Stored items:
▶

lemma quad_part_eq_0_of_cubic_bound:
  fixes g1 g2 :: "real \<Rightarrow> real"
  assumes d1: "DERIV g1 t0 :> w1" and d2: "DERIV g2 t0 :> w2"
    and ev: "\<forall>\<^sub>F t in at t0. \<bar>quad_part c (g1 t - g1 t0) (g2 t - g2 t0)\<bar>
                             \<le> K * (\<bar>g1 t - g1 t0\<bar> + \<bar>g2 t - g2 t0\<bar>)^3"
  shows "quad_part c w1 w2 = 0"
proof -
  define q1 where "q1 t = (g1 t - g1 t0) / (t - t0)" for t
  define q2 where "q2 t = (g2 t - g2 t0) / (t - t0)" for t
  have l1: "(q1 \<longlongrightarrow> w1) (at t0)" and l2: "(q2 \<longlongrightarrow> w2) (at t0)"
    using d1 d2 unfolding has_field_derivative_iff q1_def q2_def by simp_all
  have L: "((\<lambda>t. \<bar>quad_part c (q1 t) (q2 t)\<bar>) \<longlongrightarrow> \<bar>quad_part c w1 w2\<bar>) (at t0)"
    unfolding quad_part_def by (intro tendsto_intros l1 l2)
  have "((\<lambda>t. \<bar>t - t0\<bar>) \<longlongrightarrow> \<bar>t0 - t0\<bar>) (at t0)" by (intro tendsto_intros)
  then have R: "((\<lambda>t. K * (\<bar>q1 t\<bar> + \<bar>q2 t\<bar>)^3 * \<bar>t - t0\<bar>) \<longlongrightarrow> K * (\<bar>w1\<bar> + \<bar>w2\<bar>)^3 * 0) (at t0)"
    by (intro tendsto_intros l1 l2) simp
  have "\<forall>\<^sub>F t in at t0. \<bar>quad_part c (q1 t) (q2 t)\<bar> \<le> K * (\<bar>q1 t\<bar> + \<bar>q2 t\<bar>)^3 * \<bar>t - t0\<bar>"
    using eventually_conj[OF ev eventually_neq_at_within[of t0 t0 UNIV]]
  proof (rule eventually_mono, elim conjE)
    fix t assume bound: "\<bar>quad_part c (g1 t - g1 t0) (g2 t - g2 t0)\<bar>
                           \<le> K * (\<bar>g1 t - g1 t0\<bar> + \<bar>g2 t - g2 t0\<bar>)^3" and "t \<noteq> t0"
    then have h: "\<bar>t - t0\<bar>^2 > 0" by simp
    have g: "g1 t - g1 t0 = (t - t0) * q1 t" "g2 t - g2 t0 = (t - t0) * q2 t"
      using h by (simp_all add: q1_def q2_def)
    have "\<bar>quad_part c (q1 t) (q2 t)\<bar> * \<bar>t - t0\<bar>^2 = \<bar>quad_part c (g1 t - g1 t0) (g2 t - g2 t0)\<bar>"
      unfolding g quad_part_scale by (simp add: abs_mult power_abs)
    also have "\<dots> \<le> K * (\<bar>g1 t - g1 t0\<bar> + \<bar>g2 t - g2 t0\<bar>)^3" by (rule bound)
    also have "\<bar>g1 t - g1 t0\<bar> + \<bar>g2 t - g2 t0\<bar> = \<bar>t - t0\<bar> * (\<bar>q1 t\<bar> + \<bar>q2 t\<bar>)"
      unfolding g by (simp add: abs_mult distrib_left)
    also have "K * (\<bar>t - t0\<bar> * (\<bar>q1 t\<bar> + \<bar>q2 t\<bar>))^3
               = (K * (\<bar>q1 t\<bar> + \<bar>q2 t\<bar>)^3 * \<bar>t - t0\<bar>) * \<bar>t - t0\<bar>^2"
      by (simp add: power3_eq_cube power2_eq_square mult_ac)
    finally show "\<bar>quad_part c (q1 t) (q2 t)\<bar> \<le> K * (\<bar>q1 t\<bar> + \<bar>q2 t\<bar>)^3 * \<bar>t - t0\<bar>"
      using h by (simp add: mult_le_cancel_right)
  qed
  from tendsto_le[OF _ R L this] show ?thesis by simp
qed

text \<open>The trace c 2 0 + c 0 2 of the quadratic form is the sum of its values on the orthonormal
  basis formed by the unit normal v and w / norm w.\<close>
lemma quad_part_unit_normal:
  fixes v1 v2 w1 w2 :: real
  assumes Qw: "quad_part c w1 w2 = 0" and w: "w1 \<noteq> 0 \<or> w2 \<noteq> 0"
    and orth: "v1 * w1 + v2 * w2 = 0" and unit: "v1^2 + v2^2 = 1"
  shows "quad_part c v1 v2 = c 2 0 + c 0 2"
proof -
  define l where "l = w2 * v1 - w1 * v2"
  have w1: "w1 = - l * v2"
  proof -
    have o: "v2 * w2 = - (v1 * w1)" using orth by linarith
    have "- l * v2 = w1 * v2^2 - v1 * (v2 * w2)" by (simp add: l_def power2_eq_square algebra_simps)
    also have "\<dots> = w1 * (v1^2 + v2^2)" unfolding o by (simp add: power2_eq_square algebra_simps)
    finally show ?thesis using unit by simp
  qed
  have w2: "w2 = l * v1"
  proof -
    have o: "v1 * w1 = - (v2 * w2)" using orth by linarith
    have "l * v1 = w2 * v1^2 - v2 * (v1 * w1)" by (simp add: l_def power2_eq_square algebra_simps)
    also have "\<dots> = w2 * (v1^2 + v2^2)" unfolding o by (simp add: power2_eq_square algebra_simps)
    finally show ?thesis using unit by simp
  qed
  have "l \<noteq> 0" using w w1 w2 by auto
  moreover have "l^2 * quad_part c v2 (- v1) = 0"
    using Qw unfolding w1 w2 by (simp add: quad_part_def power2_eq_square algebra_simps)
  ultimately have "quad_part c v2 (- v1) = 0" by simp
  then have "quad_part c v1 v2 = quad_part c v1 v2 + quad_part c v2 (- v1)" by simp
  also have "\<dots> = (c 2 0 + c 0 2) * (v1^2 + v2^2)" by (simp add: quad_part_def algebra_simps)
  finally show ?thesis using unit by simp
qed

lemma periodic_image:
  fixes \<gamma> :: "real \<Rightarrow> 'a"
  assumes per: "\<And>t. \<gamma> (t + 1) = \<gamma> t"
  shows "\<gamma> t \<in> \<gamma> ` {0..1}"
proof -
  have shift: "\<gamma> (x + real n) = \<gamma> x" for x n
  proof (induction n)
    case (Suc n)
    have "\<gamma> (x + real (Suc n)) = \<gamma> ((x + real n) + 1)" by (simp add: ac_simps)
    then show ?case using Suc per by simp
  qed simp
  define s where "s = t - of_int \<lfloor>t\<rfloor>"
  have "\<gamma> t = \<gamma> s"
  proof (cases "\<lfloor>t\<rfloor> \<ge> 0")
    case True
    then show ?thesis using shift[of s "nat \<lfloor>t\<rfloor>"] by (simp add: s_def)
  next
    case False
    then show ?thesis using shift[of t "nat (- \<lfloor>t\<rfloor>)"] by (simp add: s_def)
  qed
  moreover have "s \<in> {0..1}" unfolding s_def by simp linarith
  ultimately show ?thesis by blast
qed

lemma segment_in_ball:
  fixes p q :: "'a::real_normed_vector"
  assumes "0 < t" "t < dist q p"
  shows "p + (t / dist q p) *\<^sub>R (q - p) \<in> ball q (dist q p)"
proof -
  have "q - (p + (t / dist q p) *\<^sub>R (q - p)) = (1 - t / dist q p) *\<^sub>R (q - p)"
    by (simp add: algebra_simps)
  moreover have "0 \<le> 1 - t / dist q p" using assms by (simp add: divide_le_eq_1)
  ultimately have "dist q (p + (t / dist q p) *\<^sub>R (q - p)) = (1 - t / dist q p) * dist q p"
    by (simp add: dist_norm)
  also have "\<dots> < dist q p"
    using assms by (simp add: algebra_simps) (metis dist_self order.asym)
  finally show ?thesis by simp
qed

lemma nearest_frontier_point:
  fixes \<Omega> :: "'a::euclidean_space set"
  assumes "open \<Omega>" and q: "q \<in> \<Omega>" and "frontier \<Omega> \<noteq> {}"
  obtains p where "p \<in> frontier \<Omega>" "\<And>y. y \<in> frontier \<Omega> \<Longrightarrow> dist q p \<le> dist q y"
    "dist q p > 0" "ball q (dist q p) \<subseteq> \<Omega>"
proof -
  obtain p where p: "p \<in> frontier \<Omega>" and near: "\<And>y. y \<in> frontier \<Omega> \<Longrightarrow> dist q p \<le> dist q y"
    using distance_attains_inf[OF frontier_closed assms(3), of q] by blast
  have "q \<notin> frontier \<Omega>" using q \<open>open \<Omega>\<close> by (simp add: frontier_def interior_open)
  then have pos: "dist q p > 0" using p by auto
  have "ball q (dist q p) \<subseteq> \<Omega>"
  proof (rule ccontr)
    assume "\<not> ball q (dist q p) \<subseteq> \<Omega>"
    moreover have "q \<in> ball q (dist q p) \<inter> \<Omega>" using q pos by simp
    then have "ball q (dist q p) \<inter> \<Omega> \<noteq> {}" by blast
    ultimately obtain y where "y \<in> ball q (dist q p)" "y \<in> frontier \<Omega>"
      using connected_Int_frontier[OF connected_ball] by blast
    then show False using near[of y] by simp
  qed
  with p near pos show ?thesis by (rule that)
qed

lemma boundary_point_with_interior_ball:
  fixes \<Omega> :: "(real \<times> real) set"
  assumes "open \<Omega>" and "analytic_boundary \<Omega>"
  obtains q p \<gamma> t0 w where "p \<in> frontier \<Omega>" "dist q p > 0"
    "\<And>t. 0 < t \<Longrightarrow> t < dist q p \<Longrightarrow> p + (t / dist q p) *\<^sub>R (q - p) \<in> \<Omega>"
    "\<And>t. \<gamma> t \<in> frontier \<Omega>" "\<And>t. dist q p \<le> dist q (\<gamma> t)"
    "(\<gamma> has_vector_derivative w) (at t0)" "w \<noteq> 0" "\<gamma> t0 = p"
proof -
  obtain \<gamma> :: "real \<Rightarrow> real \<times> real" where per: "\<And>t. \<gamma> (t + 1) = \<gamma> t"
    and vd: "\<And>t. \<exists>w. w \<noteq> 0 \<and> (\<gamma> has_vector_derivative w) (at t)"
    and fr: "frontier \<Omega> = \<gamma> ` {0..1}"
    using assms(2) unfolding analytic_boundary_def by blast
  have \<gamma>_fr: "\<gamma> t \<in> frontier \<Omega>" for t using periodic_image[of \<gamma>, OF per] fr by simp
  then have "\<Omega> \<noteq> {}" by (metis empty_iff frontier_empty)
  then obtain q where q: "q \<in> \<Omega>" by blast
  obtain p where p: "p \<in> frontier \<Omega>" and near: "\<And>y. y \<in> frontier \<Omega> \<Longrightarrow> dist q p \<le> dist q y"
    and R: "dist q p > 0" and ball: "ball q (dist q p) \<subseteq> \<Omega>"
    using nearest_frontier_point[OF assms(1) q] \<gamma>_fr by (metis empty_iff)
  obtain t0 where "\<gamma> t0 = p" using p fr by auto
  moreover obtain w where "(\<gamma> has_vector_derivative w) (at t0)" "w \<noteq> 0" using vd by blast
  moreover have "p + (t / dist q p) *\<^sub>R (q - p) \<in> \<Omega>" if "0 < t" "t < dist q p" for t
    using ball segment_in_ball[OF that] by (rule subsetD)
  ultimately show ?thesis using that[of p q \<gamma> w t0] p R \<gamma>_fr near by blast
qed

◀

What is needed: Your answer must consist solely of the lines from the top of the entries above through the line containing "t0\<bar> = \<bar>t", copied exactly, both ends included.

Your solution:
lemma quad_part_eq_0_of_cubic_bound:
  fixes g1 g2 :: "real \<Rightarrow> real"
  assumes d1: "DERIV g1 t0 :> w1" and d2: "DERIV g2 t0 :> w2"
    and ev: "\<forall>\<^sub>F t in at t0. \<bar>quad_part c (g1 t - g1 t0) (g2 t - g2 t0)\<bar>
                             \<le> K * (\<bar>g1 t - g1 t0\<bar> + \<bar>g2 t - g2 t0\<bar>)^3"
  shows "quad_part c w1 w2 = 0"
proof -
  define q1 where "q1 t = (g1 t - g1 t0) / (t - t0)" for t
  define q2 where "q2 t = (g2 t - g2 t0) / (t - t0)" for t
  have l1: "(q1 \<longlongrightarrow> w1) (at t0)" and l2: "(q2 \<longlongrightarrow> w2) (at t0)"
    using d1 d2 unfolding has_field_derivative_iff q1_def q2_def by simp_all
  have L: "((\<lambda>t. \<bar>quad_part c (q1 t) (q2 t)\<bar>) \<longlongrightarrow> \<bar>quad_part c w1 w2\<bar>) (at t0)"
    unfolding quad_part_def by (intro tendsto_intros l1 l2)
  have "((\<lambda>t. \<bar>t - t0\<bar>) \<longlongrightarrow> \<bar>t0 - t0\<bar>) (at t0)" by (intro tendsto_intros)
  then have R: "((\<lambda>t. K * (\<bar>q1 t\<bar> + \<bar>q2 t\<bar>)^3 * \<bar>t - t0\<bar>) \<longlongrightarrow> K * (\<bar>w1\<bar> + \<bar>w2\<bar>)^3 * 0) (at t0)"
    by (intro tendsto_intros l1 l2) simp
  have "\<forall>\<^sub>F t in at t0. \<bar>quad_part c (q1 t) (q2 t)\<bar> \<le> K * (\<bar>q1 t\<bar> + \<bar>q2 t\<bar>)^3 * \<bar>t - t0\<bar>"
    using eventually_conj[OF ev eventually_neq_at_within[of t0 t0 UNIV]]
  proof (rule eventually_mono, elim conjE)
    fix t assume bound: "\<bar>quad_part c (g1 t - g1 t0) (g2 t - g2 t0)\<bar>
                           \<le> K * (\<bar>g1 t - g1 t0\<bar> + \<bar>g2 t - g2 t0\<bar>)^3" and "t \<noteq> t0"
    then have h: "\<bar>t - t0\<bar>^2 > 0" by simp
    have g: "g1 t - g1 t0 = (t - t0) * q1 t" "g2 t - g2 t0 = (t - t0) * q2 t"
      using h by (simp_all add: q1_def q2_def)
    have "\<bar>quad_part c (q1 t) (q2 t)\<bar> * \<bar>t - t0\<bar>^2 = \<bar>quad_part c (g1 t - g1 t0) (g2 t - g2 t0)\<bar>"
      unfolding g quad_part_scale by (simp add: abs_mult power_abs)
    also have "\<dots> \<le> K * (\<bar>g1 t - g1 t0\<bar> + \<bar>g2 t - g2 t0\<bar>)^3" by (rule bound)
    also have "\<bar>g1 t - g1 t0\<bar> + \<bar>g2 t - g2 t0\<bar> = \<bar>t - t0\<bar> * (\<bar>q1 t\<bar> + \<bar>q2 t\<bar>)"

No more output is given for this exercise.